Today, a Perl programmer needs just four letters to invoke decades of research into filesystems and physical media: “open.” A finely-tuned mergesort is available with the word “sort,” and even more finely-tuned hashing algorithms require just a pair of brackets. Until machine learning is as accessible and effortless as typing the word “learn,” it will never become widespread.
One small step for trip planners gets mankind nowhere.
Other information software, such as open websites. By reading some information, the user is indicating a topic of interest. All other information software should take heed. Consider a person reading the website of an upcoming stage play. When she opens her calendar, the available showings should be marked. When she opens a map, she should see directions to the playhouse. When she opens a restaurant guide, she should see listings nearby, and unless the play offers matinees, they shouldn’t be lunch joints.

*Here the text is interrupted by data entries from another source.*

lemma integral_exp_2pi_int:
  "integral {0..1} (\<lambda>t::real. exp (2 * complex_of_real pi * \<i> * of_int n * complex_of_real t))
     = (if n = 0 then 1 else 0)"
proof (cases "n = 0")
  case False
  define c where "c = 2 * complex_of_real pi * \<i> * of_int n"
  have "c \<noteq> 0" using False by (simp add: c_def)
  have antideriv: "((\<lambda>t. exp (c * complex_of_real t) / c) has_vector_derivative exp (c * complex_of_real t))
                     (at t within {0..1})" for t
  proof -
    have "(complex_of_real has_vector_derivative 1) (at t within {0..1})"
      using has_vector_derivative_of_real[of "\<lambda>x. x" 1, OF DERIV_ident] by simp
    moreover have "((\<lambda>z. exp (c * z) / c) has_field_derivative exp (c * complex_of_real t))
                     (at (complex_of_real t) within complex_of_real ` {0..1})"
      by (rule derivative_eq_intros refl | use \<open>c \<noteq> 0\<close> in simp)+
    ultimately show ?thesis using field_vector_diff_chain_within by (fastforce simp: o_def)
  qed
  have "((\<lambda>t. exp (c * complex_of_real t)) has_integral (exp (c * 1) / c - exp (c * 0) / c)) {0..1}"
    using fundamental_theorem_of_calculus[of 0 1 "\<lambda>t. exp (c * complex_of_real t) / c"] antideriv by simp
  moreover have "exp c = 1"
    using exp_integer_2pi[of "real_of_int n"] by (simp add: c_def mult_ac)
  ultimately show ?thesis using False by (simp add: c_def integral_unique mult_ac)
qed simp

(* The positively oriented unit circle, parametrised over [0,1]; the integral defining Phi
   runs over  w(t) = R * circ t. *)
definition circ :: "real \<Rightarrow> complex" where
  "circ t = exp (2 * complex_of_real pi * \<i> * complex_of_real t)"

lemma norm_circ [simp]: "cmod (circ t) = 1"
  unfolding circ_def by (simp add: norm_exp_eq_Re)

lemma circ_power_diff: "circ t ^ j * inverse (circ t) ^ p
   = exp (2 * complex_of_real pi * \<i> * of_int (int j - int p) * complex_of_real t)"
proof -
  have "circ t ^ j = exp (of_nat j * (2 * complex_of_real pi * \<i> * complex_of_real t))"
    unfolding circ_def by (simp add: exp_of_nat_mult)
  moreover have "inverse (circ t) ^ p = exp (- (of_nat p * (2 * complex_of_real pi * \<i> * complex_of_real t)))"
    unfolding circ_def by (simp add: exp_of_nat_mult exp_minus power_inverse)
  ultimately show ?thesis by (simp add: exp_add[symmetric] algebra_simps)
qed

lemma integral_circle_monomial:
  assumes "R > 0"
  shows "integral {0..1} (\<lambda>t. (of_real R * circ t) ^ j * inverse (of_real R * circ t) ^ p)
         = (if j = p then 1 else 0)"
proof -
  have "(of_real R * circ t) ^ j * inverse (of_real R * circ t) ^ p
        = of_real R ^ j * inverse (of_real R) ^ p * (circ t ^ j * inverse (circ t) ^ p)" for t
    by (simp add: power_mult_distrib mult_ac)
  then have "integral {0..1} (\<lambda>t. (of_real R * circ t) ^ j * inverse (of_real R * circ t) ^ p)
        = of_real R ^ j * inverse (of_real R) ^ p * (if int j - int p = 0 then 1 else 0)"
    unfolding circ_power_diff by (simp only: integral_mult_right integral_exp_2pi_int)
  then show ?thesis using assms by (simp add: power_inverse)
qed

lemma integral_circle_exp_inverse_power:
  assumes "R > 0"
  shows "integral {0..1} (\<lambda>t. exp (z * (of_real R * circ t)) * inverse (of_real R * circ t) ^ p)
         = z ^ p / fact p"
proof -
  define w where "w t = of_real R * circ t" for t
  define g where "g j t = (z * w t) ^ j /\<^sub>R fact j * inverse (w t) ^ p" for j t
  have "norm (g j t) \<le> (cmod z * R) ^ j / fact j * (1 / R) ^ p" for j t
    using assms by (simp add: g_def w_def norm_mult norm_power norm_inverse divide_inverse)
  moreover have "summable (\<lambda>j. (cmod z * R) ^ j / fact j * (1 / R) ^ p)"
    by (intro summable_mult2) (simp add: summable_exp divide_inverse mult.commute)
  moreover have "continuous_on {0..1} (g j)" for j
    unfolding g_def w_def circ_def using assms by (intro continuous_intros) auto
  ultimately have "(\<lambda>j. integral {0..1} (g j)) sums integral {0..1} (\<lambda>t. \<Sum>j. g j t)"
    by (rule integral_suminf_Weierstrass)
  moreover have "(\<Sum>j. g j t) = exp (z * w t) * inverse (w t) ^ p" for t
    unfolding g_def by (rule sums_unique[symmetric], rule sums_mult2, rule exp_converges)
  moreover have "integral {0..1} (g j) = (if j = p then z ^ p / fact p else 0)" for j
  proof -
    have "g j = (\<lambda>t. z ^ j / fact j * (w t ^ j * inverse (w t) ^ p))"
      by (auto simp: g_def scaleR_conv_of_real power_mult_distrib divide_inverse mult_ac)
    then show ?thesis
      using integral_circle_monomial[OF assms, of j p] by (simp add: w_def)
  qed
  ultimately have "(\<lambda>j. if j = p then z ^ p / fact p else 0) sums
      integral {0..1} (\<lambda>t. exp (z * w t) * inverse (w t) ^ p)"
    by simp
  then show ?thesis
    using sums_single[of p "\<lambda>_. z ^ p / fact p"] sums_unique2 by (auto simp: w_def)
qed

lemma fund_radius_bounds:
  shows "fund_radius lam k > 0" and "\<And>j. j \<le> k \<Longrightarrow> cmod (lam j) < fund_radius lam k"
proof -
  let ?M = "Max ((\<lambda>j. cmod (lam j)) ` {..k})"
  have le: "cmod (lam j) \<le> ?M" if "j \<le> k" for j
    using that by (intro Max_ge) auto
  have "0 \<le> ?M" using le[of 0] norm_ge_zero[of "lam 0"] by linarith
  then show "fund_radius lam k > 0" by (simp add: fund_radius_def)
  show "cmod (lam j) < fund_radius lam k" if "j \<le> k" for j
    using le[OF that] by (simp add: fund_radius_def)
qed

lemma resolvent_hsym_expansion:
  assumes "\<And>j. j \<le> k \<Longrightarrow> cmod (lam j) < cmod w"
  shows "(\<lambda>m. hsym lam (Suc k) m * inverse w ^ (k + m)) sums (w / (\<Prod>j\<le>k. w - lam j))"
proof -
  define Q where "Q = (\<Prod>i<Suc k. 1 - lam i * inverse w)"
  have "w \<noteq> 0" using assms[of 0] by auto
  have "cmod (lam i * inverse w) < 1" if "i < Suc k" for i
  proof -
    have "cmod (lam i * inverse w) = cmod (lam i) / cmod w"
      by (simp add: norm_mult norm_inverse divide_inverse)
    then show ?thesis using assms[of i] that by (simp add: divide_less_eq_1)
  qed
  then have "(\<lambda>m. hsym lam (Suc k) m * inverse w ^ m) sums (1 / Q)"
    unfolding Q_def using hsym_generating_series by blast
  from sums_mult2[OF this, of "inverse w ^ k"]
  have "(\<lambda>m. hsym lam (Suc k) m * inverse w ^ (k + m)) sums (1 / Q * inverse w ^ k)"
    by (simp only: power_add mult_ac)
  moreover have "(\<Prod>j\<le>k. w - lam j) = w ^ Suc k * Q"
  proof -
    have "(\<Prod>j\<le>k. w - lam j) = (\<Prod>j\<le>k. w * (1 - lam j * inverse w))"
      using \<open>w \<noteq> 0\<close> by (intro prod.cong refl) (simp add: algebra_simps)
    then show ?thesis by (simp add: Q_def prod.distrib lessThan_Suc_atMost)
  qed
  moreover have "1 / Q * inverse w ^ k = w / (w ^ Suc k * Q)"
    using \<open>w \<noteq> 0\<close> by (cases "Q = 0") (simp_all add: field_simps power_inverse)
  ultimately show ?thesis by simp
qed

Documents created with manipulation software. Creating some information indicates an even stronger topic of interest. Consider a person who requests information about “cats” while writing a paper. If the paper’s title is “Types and Treatment of Animal Cancer,” the information should skew toward feline medical data. The title “History of Egypt” indicates interest in ancient feline worship instead. And if the paper contains terms related to building construction, “cats” probably refers to the decidedly non-feline Caterpillar heavy machinery. The section “Inferring context from the environment” presented a number of environmental sources from which information software could infer context. The hardware-related sources, such as clocks and location sensors, might have seemed obvious. The software-related sources, such as other information software and documents created with manipulation software, might have seemed so far-fetched as to be implausible. This section will present the information ecosystem, a software architecture which might allow for such behavior.
Consider this scenario:
I receive an email from a friend.
After reading the email, I open my map software to find that nearby pizza restaurants are prominently marked.
How might such behavior be implemented?
One approach is to build a system that directly performs the desired behavior. In this case, perhaps one would design an email program with a built-in map. If the current email contains the word “pizza,” the program would perform an internet search for pizza places and display them on its map.
There are several reasons why the system-based approach is unappealing:
Monolithic systems don’t scale. The system described is a trivial solution to a general problem. What about information from a website showing up on my calendar? What about seeing encyclopedia entries related to the paper I’m writing? The possibilities grow combinatorially—it is impossible to deliberately handle them all.
Monolithic systems are bad for users. Email and maps are distinct concepts. There is no reason why a user should turn to the same software package for two unrelated purposes.** For that matter, email and calendars are distinct concepts as well. Also, the components of integrated systems tend to be of lower quality than their dedicated counterparts. You could chop your vegetables and assemble your furniture with a Swiss Army knife, but you probably don’t.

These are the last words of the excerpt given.